Metadata-Version: 2.4
Name: PHIdelity
Version: 0.2.2
Summary: The tool extracts PHI into a structured CSV file and saves the anonymized note as a text file, making it ideal for healthcare professionals, researchers, and developers handling sensitive medical data.
Author-email: Udbhav Ram <udbhavram41@gmail.com>
License-Expression: MIT
Project-URL: Homepage, https://github.com/udiram/PHIdelity
Project-URL: Issues, https://github.com/udiram/PHIdelity/issues
Classifier: Programming Language :: Python :: 3
Classifier: Operating System :: OS Independent
Requires-Python: >=3.9
Description-Content-Type: text/markdown
License-File: LICENSE
Dynamic: license-file

# PHIdelity

[![License: MIT](https://img.shields.io/badge/License-MIT-yellow.svg)](https://opensource.org/licenses/MIT)  
[![PyPI version](https://badge.fury.io/py/phidelity.svg)](https://pypi.org/project/phidelity/)

## Overview

**PHIdelity** is a Python package designed to intelligently anonymize Protected Health Information (PHI) in clinical notes while preserving their contextual meaning. Unlike traditional redaction tools that simply obscure data, PHIdelity leverages a local Large Language Model (LLM) via [Ollama](https://ollama.ai/) to detect PHI (e.g., names, dates, medical record numbers) and replace it with meaningful, generalized placeholders (e.g., `[Patient Name]`, `[Date of Visit]`). This approach ensures that anonymized notes remain valuable for research, analysis, or sharing, all while adhering to privacy standards like HIPAA.

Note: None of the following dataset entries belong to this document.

fun echelon_lists :: "nat \<Rightarrow> nat \<Rightarrow> nat list list" where
  "echelon_lists r 0 = [[]]"
| "echelon_lists r (Suc n) =
     concat (map (\<lambda>c. map ((#) c) (echelon_lists r n)) [0..<2^r])
     @ map ((#) (2^r)) (echelon_lists (Suc r) n)"

lemma set_echelon_lists: "set (echelon_lists r n) = {xs. length xs = n \<and> echelon r xs}"
proof (induction n arbitrary: r)
  case 0
  then show ?case by auto
next
  case (Suc n)
  show ?case
  proof (intro set_eqI iffI)
    fix xs assume "xs \<in> set (echelon_lists r (Suc n))"
    then show "xs \<in> {xs. length xs = Suc n \<and> echelon r xs}"
      using Suc.IH by auto
  next
    fix xs assume "xs \<in> {xs. length xs = Suc n \<and> echelon r xs}"
    then show "xs \<in> set (echelon_lists r (Suc n))"
      using Suc.IH by (cases xs) auto
  qed
qed

section \<open>Linear relations of a list of vectors\<close>

fun lin_comb :: "bool list \<Rightarrow> nat list \<Rightarrow> nat" where
  "lin_comb (b # bs) (x # xs) = (if b then x XOR lin_comb bs xs else lin_comb bs xs)"
| "lin_comb _ _ = 0"

definition relations :: "nat list \<Rightarrow> bool list list" where
  "relations xs =
     filter (\<lambda>bs. lin_comb bs xs = 0) (product_lists (replicate (length xs) [False, True]))"

lemma lin_comb_less: "set xs \<subseteq> {..<2^m} \<Longrightarrow> lin_comb bs xs < 2^m"
  by (induction bs xs rule: lin_comb.induct) (auto simp: xor_less_power)

lemma inv_linear_Z2_lin_comb:
  "inv_linear_Z2 m g \<Longrightarrow> set xs \<subseteq> {..<2^m} \<Longrightarrow> g (lin_comb bs xs) = lin_comb bs (map g xs)"
  by (induction bs xs rule: lin_comb.induct)
    (auto simp: inv_linear_Z2_xor inv_linear_Z2_zero lin_comb_less)

lemma relations_map_inv_linear_Z2:
  assumes "inv_linear_Z2 m g" "set xs \<subseteq> {..<2^m}"
  shows "relations (map g xs) = relations xs"
  using assms inv_linear_Z2_eq_zero_iff[OF assms(1) lin_comb_less[OF assms(2)]]
  by (simp add: relations_def inv_linear_Z2_lin_comb[symmetric])

definition block :: "(nat \<Rightarrow> nat \<Rightarrow> nat) \<Rightarrow> nat list" where
  "block S = [S 1 1, S 1 2, S 2 1, S 2 2]"

text \<open>Rows \<open>1, 2, 3\<close> of a square of type B' are \<open>e\<^sub>1, e\<^sub>2, e\<^sub>1 + e\<^sub>2\<close> and likewise for columns:
  \<open>e\<^sub>1\<close> contributes to the odd rows, \<open>e\<^sub>2\<close> to rows \<open>2\<close> and \<open>3\<close>.\<close>

definition square_of_block :: "nat list \<Rightarrow> nat \<Rightarrow> nat \<Rightarrow> nat" where
  "square_of_block d i j =
     lin_comb [odd i \<and> odd j, odd i \<and> 2 \<le> j, 2 \<le> i \<and> odd j, 2 \<le> i \<and> 2 \<le> j] d"

definition reindex ::
  "(nat \<Rightarrow> nat) \<Rightarrow> (nat \<Rightarrow> nat) \<Rightarrow> bool \<Rightarrow> (nat \<Rightarrow> nat \<Rightarrow> nat) \<Rightarrow> nat \<Rightarrow> nat \<Rightarrow> nat" where
  "reindex \<sigma> \<tau> t S i j = (if t then S (\<sigma> j) (\<tau> i) else S (\<sigma> i) (\<tau> j))"

lemma block_less_if_typeBprime: "typeBprime m S \<Longrightarrow> set (block S) \<subseteq> {..<2^m}"
  by (auto simp: typeBprime_def block_def)

lemma xor3_eq_0_iff: "(a::nat) XOR b XOR c = 0 \<longleftrightarrow> c = a XOR b"
  by (metis xor.assoc xor_self_eq xor.right_neutral)

lemma typeBprime_row:
  "typeBprime m S \<Longrightarrow> i < 4 \<Longrightarrow> S i 1 XOR S i 2 XOR S i 3 = 0"
  unfolding typeBprime_def by (metis xor.left_neutral)

lemma typeBprime_col:
  "typeBprime m S \<Longrightarrow> j < 4 \<Longrightarrow> S 1 j XOR S 2 j XOR S 3 j = 0"
  unfolding typeBprime_def by (metis xor.left_neutral)
lemma not_rtrancl_insert: "(x, y) \<notin> E\<^sup>* \<Longrightarrow> (x, c) \<notin> E\<^sup>* \<Longrightarrow> (x, y) \<notin> (insert (c, d) E)\<^sup>*"
  by (simp add: rtrancl_insert)

lemma relpow_2I: "(a, b) \<in> R \<Longrightarrow> (b, c) \<in> R \<Longrightarrow> (a, c) \<in> R ^^ 2"
  by (simp add: numeral_2_eq_2 relcomp.relcompI)

lemma relpow_4I: "(a, b) \<in> R \<Longrightarrow> (b, c) \<in> R ^^ 2 \<Longrightarrow> (c, d) \<in> R \<Longrightarrow> (a, d) \<in> R ^^ 4"
  by (simp add: eval_nat_numeral relpow_Suc_I relpow_Suc_I2 del: relpow.simps)

section \<open>Local structure of networks\<close>

lemma is_networkD:
  assumes "is_network X lab V E"
  shows "finite V" "E \<subseteq> V \<times> V" "acyclic E" "2 \<le> card X"
    "\<And>y. y \<in> V \<Longrightarrow> (indeg E y = 0 \<and> outdeg E y = 1) \<or> (indeg E y = 1 \<and> outdeg E y = 0) \<or>
       split_node E y \<or> reticulation E y"
    "bij_betw lab X {y \<in> V. indeg E y = 1 \<and> outdeg E y = 0}"
  using assms unfolding is_network_def by auto

lemma network_edge_nodes:
  assumes "is_network X lab V E" "(a, b) \<in> E" shows "a \<in> V \<and> b \<in> V"
  using is_networkD(2)[OF assms(1)] assms(2) by blast

lemma network_finite_edges:
  assumes "is_network X lab V E" shows "finite E"
  using is_networkD(1,2)[OF assms] by (meson finite_SigmaI finite_subset)

lemma network_no_loop:
  assumes "is_network X lab V E" shows "(y, y) \<notin> E"
  using is_networkD(3)[OF assms] unfolding acyclic_def by blast

lemma network_fresh_node:
  assumes "is_network X lab V E"
  obtains w where "w \<notin> V"
  using is_networkD(1)[OF assms] infinite_UNIV_nat ex_new_if_finite by blast

lemma finite_parents:
  assumes "is_network X lab V E" shows "finite (parents E y)"
  using is_networkD(1,2)[OF assms] by (auto simp: parents_def intro: finite_subset[of _ V])

lemma finite_children:
  assumes "is_network X lab V E" shows "finite (children E y)"
  using is_networkD(1,2)[OF assms] by (auto simp: children_def intro: finite_subset[of _ V])

lemma card_2_eq_pair: "finite S \<Longrightarrow> card S = 2 \<Longrightarrow> a \<in> S \<Longrightarrow> b \<in> S \<Longrightarrow> a \<noteq> b \<Longrightarrow> S = {a, b}"
proof -
  assume "finite S" "card S = 2" "a \<in> S" "b \<in> S" "a \<noteq> b"
  then show "S = {a, b}" using card_subset_eq[of S "{a, b}"] by simp
qed

lemma split_node_children:
  assumes "split_node E y" "(y, b1) \<in> E" "(y, b2) \<in> E" "b1 \<noteq> b2"
  shows "children E y = {b1, b2}"
proof -
  have card: "card (children E y) = 2" using assms(1) by (simp add: split_node_def outdeg_def)
  then have "finite (children E y)" using card.infinite by fastforce
  moreover have "b1 \<in> children E y" "b2 \<in> children E y" using assms(2,3) by (auto simp: children_def)
  ultimately show ?thesis using card_2_eq_pair[OF _ card _ _ assms(4)] by blast
qed

lemma split_node_parent:
  assumes "split_node E y" "(a, y) \<in> E"
  shows "parents E y = {a}"
proof -
  have "card (parents E y) = 1" using assms(1) by (simp add: split_node_def indeg_def)
  then obtain z where "parents E y = {z}" by (rule card_1_singletonE)
  with assms(2) show ?thesis by (auto simp: parents_def)
qed

lemma reticulation_parents:
  assumes "reticulation E y" "(p, y) \<in> E"
  obtains s where "parents E y = {p, s}" "p \<noteq> s"
proof -
  have "card (parents E y) = 2" using assms(1) by (simp add: reticulation_def indeg_def)
  then obtain a b where ab: "parents E y = {a, b}" "a \<noteq> b" by (auto simp: card_2_iff)
  moreover have "p \<in> {a, b}" using assms(2) ab(1) by (auto simp: parents_def)
  ultimately show ?thesis using that by (metis insert_commute insertE singletonD)
qed

lemma reticulation_child:
  assumes "reticulation E y"
  obtains c where "children E y = {c}"
proof -
  have "card (children E y) = 1" using assms by (simp add: reticulation_def outdeg_def)
  then show ?thesis using that by (rule card_1_singletonE)
qed

lemma network_two_parents:
  assumes net: "is_network X lab V E" and "(p, y) \<in> E" "(q, y) \<in> E" "p \<noteq> q"
  shows "reticulation E y" "parents E y = {p, q}"
proof -
  have sub: "{p, q} \<subseteq> parents E y" using assms by (auto simp: parents_def)
  then have "2 \<le> indeg E y"
    unfolding indeg_def using card_mono[OF finite_parents[OF net] sub] assms(4) by simp
  moreover have "y \<in> V" using network_edge_nodes[OF net assms(2)] by blast
  ultimately show ret: "reticulation E y"
    using is_networkD(5)[OF net, of y] by (auto simp: split_node_def)
  then have "card (parents E y) = 2" by (simp add: reticulation_def indeg_def)
  then show "parents E y = {p, q}"
    using card_2_eq_pair[OF finite_parents[OF net]] sub assms(4) by auto
qed

lemma network_two_children:
  assumes net: "is_network X lab V E" and "(y, b1) \<in> E" "(y, b2) \<in> E" "b1 \<noteq> b2"
  shows "children E y = {b1, b2}"
proof -
  have sub: "{b1, b2} \<subseteq> children E y" using assms by (auto simp: children_def)
  then have "2 \<le> outdeg E y"
    unfolding outdeg_def using card_mono[OF finite_children[OF net] sub] assms(4) by simp
  moreover have "y \<in> V" using network_edge_nodes[OF net assms(2)] by blast
  ultimately have "split_node E y"
    using is_networkD(5)[OF net, of y] by (auto simp: reticulation_def)
  then show ?thesis using split_node_children assms(2-4) by blast
qed

lemma network_unique_parent:
  assumes net: "is_network X lab V E" and "(a, y) \<in> E" "\<not> reticulation E y"
  shows "parents E y = {a}"
proof -
  have "a \<in> parents E y" using assms(2) by (simp add: parents_def)
  then have "indeg E y \<noteq> 0" unfolding indeg_def using finite_parents[OF net] by auto
  moreover have "y \<in> V" using network_edge_nodes[OF net assms(2)] by blast
  ultimately have "indeg E y = 1"
    using is_networkD(5)[OF net, of y] assms(3) by (auto simp: split_node_def)
  then obtain z where "parents E y = {z}" unfolding indeg_def by (rule card_1_singletonE)
  with assms(2) show ?thesis by (auto simp: parents_def)
qed

lemma network_leaf_edge:
  assumes net: "is_network X lab V E"
  obtains a l where "(a, l) \<in> E" "l \<noteq> c" "\<And>t. (l, t) \<notin> E"
proof -
  let ?L = "{y \<in> V. indeg E y = 1 \<and> outdeg E y = 0}"
  have "card ?L \<ge> 2"
    using bij_betw_same_card[OF is_networkD(6)[OF net]] is_networkD(4)[OF net] by simp
  then have "\<not> ?L \<subseteq> {c}"
    using card_mono[of "{c}" ?L] by auto
  then obtain l where l: "l \<in> ?L" "l \<noteq> c" by blast
  have "card (parents E l) = 1" using l(1) by (simp add: indeg_def)
  then obtain a where "parents E l = {a}" by (rule card_1_singletonE)
  moreover have "children E l = {}" using l(1) finite_children[OF net] by (simp add: outdeg_def)
  ultimately show ?thesis using that l(2) by (auto simp: parents_def children_def)
qed

lemma network_lowest_reticulation:
  assumes net: "is_network X lab V E" and "reticulations V E \<noteq> {}"
  obtains r where "reticulation E r" "\<And>m. reticulation E m \<Longrightarrow> (m, r) \<notin> E\<^sup>+"
proof -
  have "wf (E\<^sup>+)"
    using finite_acyclic_wf[OF network_finite_edges[OF net] is_networkD(3)[OF net]] by (rule wf_trancl)
  then obtain r where r: "r \<in> reticulations V E" "\<And>m. (m, r) \<in> E\<^sup>+ \<Longrightarrow> m \<notin> reticulations V E"
    using assms(2) by (metis wfE_min')
  have "(m, r) \<notin> E\<^sup>+" if "reticulation E m" for m
  proof
    assume mr: "(m, r) \<in> E\<^sup>+"
    then obtain z where "(m, z) \<in> E" by (meson tranclD)
    then have "m \<in> V" using network_edge_nodes[OF net] by blast
    then show False using r(2)[OF mr] that by (simp add: reticulations_def)
  qed
  moreover have "reticulation E r" using r(1) by (simp add: reticulations_def)
  ultimately show ?thesis using that by blast
qed

lemma common_descendant_below_reticulation:
  assumes net: "is_network X lab V E"
    and "(b1, b2) \<notin> E\<^sup>*" "(b2, b1) \<notin> E\<^sup>*" "(b1, y) \<in> E\<^sup>*" "(b2, y) \<in> E\<^sup>*"
  shows "\<exists>m. reticulation E m \<and> (m, y) \<in> E\<^sup>*"
  using assms(4,5)
proof (induction rule: rtrancl_induct)
  case base
  then show ?case using assms(3) by simp
next
  case (step y z)
  show ?case
  proof (cases "(b2, y) \<in> E\<^sup>*")
    case True
    then show ?thesis using step.IH step.hyps(2) by (meson rtrancl.rtrancl_into_rtrancl)
  next
    case False
    have "z \<noteq> b2" using step.hyps assms(2) by (meson rtrancl.rtrancl_into_rtrancl)
    then obtain y' where "(b2, y') \<in> E\<^sup>*" "(y', z) \<in> E" using step.prems by (metis rtranclE)
    then have "reticulation E z"
      using network_two_parents(1)[OF net step.hyps(2)] False by blast
    then show ?thesis by blast
  qed
qed
lemma rainbow_matching_Un:
  assumes "rainbow_matching E ends col A" "rainbow_matching E ends col B"
    and "verts ends A \<inter> verts ends B = {}" "col ` A \<inter> col ` B = {}"
  shows "rainbow_matching E ends col (A \<union> B)"
proof -
  have "ends a \<inter> ends b = {}" if "a \<in> A" "b \<in> B" for a b
    using that assms(3) by (auto simp: verts_def)
  then have "is_matching ends (A \<union> B)"
    using assms(1,2) unfolding rainbow_matching_def is_matching_def by blast
  moreover have "inj_on col (A \<union> B)"
    using assms(1,2,4) unfolding rainbow_matching_def inj_on_Un by blast
  ultimately show ?thesis
    using assms(1,2) by (simp add: rainbow_matching_def)
qed

lemma card_verts_le:
  assumes "finite R" "\<And>e. e \<in> R \<Longrightarrow> card (ends e) = 2"
  shows "finite (verts ends R)" "card (verts ends R) \<le> 2 * card R"
proof -
  have "finite (ends e)" if "e \<in> R" for e
    using assms(2)[OF that] by (intro card_ge_0_finite) simp
  then show "finite (verts ends R)"
    using assms(1) by (simp add: verts_def)
  have "card (verts ends R) \<le> (\<Sum>e\<in>R. card (ends e))"
    unfolding verts_def using card_UN_le[OF assms(1)] by simp
  also have "\<dots> = 2 * card R"
    using assms(2) by simp
  finally show "card (verts ends R) \<le> 2 * card R" .
qed

lemma card_matching_edges_meeting_le:
  assumes "is_matching ends M" "finite W"
  shows "card {e\<in>M. ends e \<inter> W \<noteq> {}} \<le> card W"
proof -
  define B where "B = {e\<in>M. ends e \<inter> W \<noteq> {}}"
  define pick where "pick e = (SOME w. w \<in> ends e \<inter> W)" for e
  have pick: "pick e \<in> ends e \<inter> W" if "e \<in> B" for e
  proof -
    have "\<exists>w. w \<in> ends e \<inter> W" using that unfolding B_def by blast
    then show ?thesis unfolding pick_def by (rule someI_ex)
  qed
  have "inj_on pick B"
  proof (rule inj_onI)
    fix e f assume ef: "e \<in> B" "f \<in> B" "pick e = pick f"
    then have "pick e \<in> ends e \<inter> ends f" using pick[OF ef(1)] pick[OF ef(2)] by simp
    then show "e = f"
      using ef assms(1) unfolding B_def is_matching_def by blast
  qed
  moreover have "pick ` B \<subseteq> W" using pick by blast
  ultimately show ?thesis
    unfolding B_def[symmetric] using assms(2) by (rule card_inj_on_le)
qed

lemma card_edges_coloured_in_le:
  assumes "inj_on col M" "finite C"
  shows "card {e\<in>M. col e \<in> C} \<le> card (C \<inter> col ` M)"
  using assms by (intro card_inj_on_le[of col]) (auto intro: inj_on_subset)
(* Let $G$ be a diamond-free graph and $S$ a degree-greedy stable set in $G$. Then $G$ is edge simplicial if and only if the multigraph $G_S$ equals $G-S$ (same vertex set and same multiset of edges; in particular $G_S$ has no repeated edges).
   Context: A vertex $v$ is simplicial if $N[v]$ is a clique; a clique is simplicial if it equals $N[v]$ for a simplicial vertex $v$. $G$ is edge simplicial if every edge is contained in a simplicial clique. For a linear order $\sigma=(v_1,\dots,v_n)$ of $V(G)$, the $\sigma$-greedy stable set is obtained by scanning $v_1,\dots,v_n$ in order, starting with $S=\emptyset$, and adding $v_i$ to $S$ whenever $S\cup\{v_i\}$ is stable; a degree-greedy stable set is a $\sigma$-greedy stable set for an order with $d_G(v_i)\le d_G(v_j)$ for $i<j$. For a stable set $S$, $G_S$ is the multigraph with vertex set $V(G)\setminus S$ and edge multiset $\biguplus_{v\in S}\{xy: x\ne y,\ x,y\in N_G(v)\}$ (multiset union, one copy per $v$). The diamond is $K_4$ minus one edge; diamond-free means no induced diamond. *)

theory Defs
  imports Main "HOL-Library.Multiset"
begin

definition graph :: "'a set \<Rightarrow> 'a set set \<Rightarrow> bool" where
  "graph V E \<longleftrightarrow> finite V \<and> (\<forall>e\<in>E. \<exists>x y. x \<noteq> y \<and> x \<in> V \<and> y \<in> V \<and> e = {x, y})"

definition adj :: "'a set set \<Rightarrow> 'a \<Rightarrow> 'a \<Rightarrow> bool" where
  "adj E x y \<longleftrightarrow> x \<noteq> y \<and> {x, y} \<in> E"

definition nbhd :: "'a set \<Rightarrow> 'a set set \<Rightarrow> 'a \<Rightarrow> 'a set" where
  "nbhd V E v = {u \<in> V. adj E v u}"

definition cnbhd :: "'a set \<Rightarrow> 'a set set \<Rightarrow> 'a \<Rightarrow> 'a set" where
  "cnbhd V E v = insert v (nbhd V E v)"

definition degree :: "'a set \<Rightarrow> 'a set set \<Rightarrow> 'a \<Rightarrow> nat" where
  "degree V E v = card (nbhd V E v)"

definition clique :: "'a set set \<Rightarrow> 'a set \<Rightarrow> bool" where
  "clique E C \<longleftrightarrow> (\<forall>x\<in>C. \<forall>y\<in>C. x \<noteq> y \<longrightarrow> adj E x y)"

definition stable :: "'a set set \<Rightarrow> 'a set \<Rightarrow> bool" where
  "stable E S \<longleftrightarrow> (\<forall>x\<in>S. \<forall>y\<in>S. \<not> adj E x y)"

definition simplicial_vertex :: "'a set \<Rightarrow> 'a set set \<Rightarrow> 'a \<Rightarrow> bool" where
  "simplicial_vertex V E v \<longleftrightarrow> v \<in> V \<and> clique E (cnbhd V E v)"

definition simplicial_clique :: "'a set \<Rightarrow> 'a set set \<Rightarrow> 'a set \<Rightarrow> bool" where
  "simplicial_clique V E C \<longleftrightarrow> (\<exists>v. simplicial_vertex V E v \<and> C = cnbhd V E v)"

definition edge_simplicial :: "'a set \<Rightarrow> 'a set set \<Rightarrow> bool" where
  "edge_simplicial V E \<longleftrightarrow> (\<forall>e\<in>E. \<exists>C. simplicial_clique V E C \<and> e \<subseteq> C)"

definition diamond_free :: "'a set \<Rightarrow> 'a set set \<Rightarrow> bool" where
  "diamond_free V E \<longleftrightarrow> \<not> (\<exists>a\<in>V. \<exists>b\<in>V. \<exists>c\<in>V. \<exists>d\<in>V. distinct [a, b, c, d] \<and>
      adj E a b \<and> adj E a c \<and> adj E a d \<and> adj E b c \<and> adj E b d \<and> \<not> adj E c d)"

fun greedy_aux :: "'a set set \<Rightarrow> 'a set \<Rightarrow> 'a list \<Rightarrow> 'a set" where
  "greedy_aux E S [] = S"
| "greedy_aux E S (v # vs) =
     greedy_aux E (if stable E (insert v S) then insert v S else S) vs"

definition greedy_stable :: "'a set set \<Rightarrow> 'a list \<Rightarrow> 'a set" where
  "greedy_stable E \<sigma> = greedy_aux E {} \<sigma>"

definition degree_greedy_stable :: "'a set \<Rightarrow> 'a set set \<Rightarrow> 'a set \<Rightarrow> bool" where
  "degree_greedy_stable V E S \<longleftrightarrow> (\<exists>\<sigma>. distinct \<sigma> \<and> set \<sigma> = V \<and>
      sorted_wrt (\<lambda>u w. degree V E u \<le> degree V E w) \<sigma> \<and> S = greedy_stable E \<sigma>)"

text \<open>Edge multiset of the multigraph G_S (vertex set V - S).\<close>
definition GS_edges :: "'a set \<Rightarrow> 'a set set \<Rightarrow> 'a set \<Rightarrow> 'a set multiset" where
  "GS_edges V E S = (\<Sum>v\<in>S. mset_set {{x, y} | x y. x \<noteq> y \<and> x \<in> nbhd V E v \<and> y \<in> nbhd V E v})"

definition del_edges :: "'a set \<Rightarrow> 'a set set \<Rightarrow> 'a set \<Rightarrow> 'a set multiset" where
  "del_edges V E S = mset_set {e \<in> E. e \<inter> S = {}}"

end

theory Submission
  imports Defs
begin

text \<open>
  The edge {x, y} occurs in G_S once for every v \<in> S adjacent to both x and y. Hence, for a
  stable S, G_S = G - S says exactly that every vertex of S is simplicial and every edge of G - S
  has exactly one common neighbour in S.

  If G is edge simplicial, the degree order makes every v \<in> S simplicial: otherwise v has
  non-adjacent neighbours x, y, and the edge vx lies in a simplicial clique N[w] that is a proper
  subset of N[v] (it misses y). So w has smaller degree than v and is scanned before v; then w
  itself, or a neighbour of w chosen earlier, enters S, and that vertex lies in N[v],
  contradicting stability. An edge of G - S lies in a simplicial clique N[w], which meets the
  maximal stable set S; that vertex is a common neighbour in S of both ends. It is unique because
  an edge with two non-adjacent common neighbours spans a diamond. Conversely, under the
  condition every edge lies in N[v] for some simplicial v \<in> S.
\<close>

lemma adj_sym: "adj E x y \<longleftrightarrow> adj E y x"
  by (auto simp: adj_def insert_commute)
lemma total_cost_contraction:
  assumes "\<alpha> \<ge> 0" "\<beta> \<ge> 0" "\<And>u v. \<bar>\<phi> u - \<phi> v\<bar> \<le> \<bar>u - v\<bar>" "\<phi> 0 = 0"
    and "\<And>t. t \<in> {1..T} \<Longrightarrow> \<phi> (\<theta> t) = \<theta> t"
  shows "total_cost \<alpha> \<beta> T \<theta> (\<lambda>t. \<phi> (x t)) \<le> total_cost \<alpha> \<beta> T \<theta> x"
  unfolding total_cost_prev
proof (rule sum_mono)
  have sq: "(\<phi> u - \<phi> v)^2 \<le> (u - v)^2" for u v
    by (metis abs_ge_zero assms(3) power2_abs power_mono)
  fix t assume t: "t \<in> {1..T}"
  have "prev (\<lambda>t. \<phi> (x t)) t = \<phi> (prev x t)" using assms(4) by (simp add: prev_def)
  then show "\<alpha>/2 * (\<phi> (x t) - \<theta> t)^2 + \<beta>/2 * (\<phi> (x t) - prev (\<lambda>t. \<phi> (x t)) t)^2
      \<le> \<alpha>/2 * (x t - \<theta> t)^2 + \<beta>/2 * (x t - prev x t)^2"
    using sq[of "x t" "\<theta> t"] sq[of "x t" "prev x t"] assms(1,2) assms(5)[OF t]
    by (intro add_mono mult_left_mono) auto
qed

definition clip :: "real \<Rightarrow> real \<Rightarrow> real" where
  "clip D u = max (-D/2) (min (D/2) u)"

lemma is_opt_eq_stationary:
  assumes "is_opt \<alpha> \<beta> D T \<theta> x" "stationary \<alpha> \<beta> T \<theta> y" "D > 0" "\<alpha> > 0" "\<beta> \<ge> 0"
    and "\<And>t. t \<in> {1..T} \<Longrightarrow> \<bar>\<theta> t\<bar> \<le> D/2" "t \<in> {1..T}"
  shows "x t = y t"
proof (rule stationary_eq_if_total_cost_le[OF assms(2,4,5) _ assms(7)])
  have "feasible D T (\<lambda>t. clip D (y t))" unfolding feasible_def clip_def using assms(3) by auto
  then have "total_cost \<alpha> \<beta> T \<theta> x \<le> total_cost \<alpha> \<beta> T \<theta> (\<lambda>t. clip D (y t))"
    using assms(1) unfolding is_opt_def by blast
  also have "\<dots> \<le> total_cost \<alpha> \<beta> T \<theta> y"
  proof (rule total_cost_contraction)
    show "\<bar>clip D u - clip D v\<bar> \<le> \<bar>u - v\<bar>" for u v
      unfolding clip_def by (auto simp: max_def min_def)
    show "clip D 0 = 0" using assms(3) by (simp add: clip_def)
    show "clip D (\<theta> t) = \<theta> t" if "t \<in> {1..T}" for t
      using assms(6)[OF that] by (simp add: clip_def abs_le_iff)
  qed (use assms(4,5) in auto)
  finally show "total_cost \<alpha> \<beta> T \<theta> x \<le> total_cost \<alpha> \<beta> T \<theta> y" .
qed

PHIdelity offers a flexible command-line interface (CLI) and importable Python functions, extracting PHI into structured CSV files and saving anonymized notes as text files. It’s an ideal tool for healthcare professionals, researchers, and developers working with sensitive medical data.

## Key Features

- **Contextualized Anonymization**: Replaces PHI with descriptive placeholders (e.g., "John Doe" → `[Patient Name]`), maintaining the note’s usability.
- **Advanced PHI Detection**: Uses a local LLM (default: `qwen3:4B`) to identify diverse PHI types, including names, dates, and medical record numbers.
- **Structured Output**: Exports PHI details to a CSV file with unique IDs, types, values, and descriptions for tracking and auditing.
- **Anonymized Note Export**: Saves the anonymized note as a text file, ready for secure use.
- **Local and Configurable**: Operates on a local Ollama server for data privacy, with customizable LLM models and output paths.
- **Open Source**: Released under the MIT License, encouraging community contributions.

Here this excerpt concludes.